━━━ Stored data
text \<open>
  Let V = V(2) be the space of binary generating operations, with a basis indexed by a
  finite type 'g, so V = ('g => 'k).  The S_2-action is given by the matrix M of the
  transposition tau: M g h is the coefficient of e_g in tau(e_h), where
  (tau mu)(x1,x2) = mu(x2,x1).

  The two-vertex (arity 3) part F(V)(3) is identified with 3 copies of V (x) V, using the
  normal-form tree basis  (c,g,h)  =  e_g( e_h(x_a, x_b), x_c ),
  where c is the leaf NOT under the inner vertex and a < b are the other two leaves.
\<close>

datatype leaf = L1 | L2 | L3

lemma leaf_UNIV: "(UNIV :: leaf set) = {L1, L2, L3}"
  using leaf.exhaust by auto

instance leaf :: finite
  by standard (simp add: leaf_UNIV)

fun lnum :: "leaf \<Rightarrow> nat" where
  "lnum L1 = 1" | "lnum L2 = 2" | "lnum L3 = 3"

type_synonym ('k, 'g) tree3 = "leaf \<times> 'g \<times> 'g \<Rightarrow> 'k"

definition fscale :: "'k::times \<Rightarrow> ('i \<Rightarrow> 'k) \<Rightarrow> ('i \<Rightarrow> 'k)" where
  "fscale c v = (\<lambda>i. c * v i)"

abbreviation lspan :: "('i \<Rightarrow> 'k::field) set \<Rightarrow> ('i \<Rightarrow> 'k) set" where
  "lspan S \<equiv> Modules.module.span fscale S"

definition matact :: "('g \<Rightarrow> 'h::finite \<Rightarrow> 'k::comm_ring_1) \<Rightarrow> ('h \<Rightarrow> 'k) \<Rightarrow> ('g \<Rightarrow> 'k)" where
  "matact P v = (\<lambda>g. \<Sum>h\<in>UNIV. P g h * v h)"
━━━━━━
### Problem statement
From the line that has "Let V = V(2)" through the line that has "The two-vertex (arity", copy every line exactly as it appears above, and leave out all others.

### Written answer
  Let V = V(2) be the space of binary generating operations, with a basis indexed by a
  finite type 'g, so V = ('g => 'k).  The S_2-action is given by the matrix M of the
  transposition tau: M g h is the coefficient of e_g in tau(e_h), where
  (tau mu)(x1,x2) = mu(x2,x1).

  The two-vertex (arity 3) part F(V)(3) is identified with 3 copies of V (x) V, using the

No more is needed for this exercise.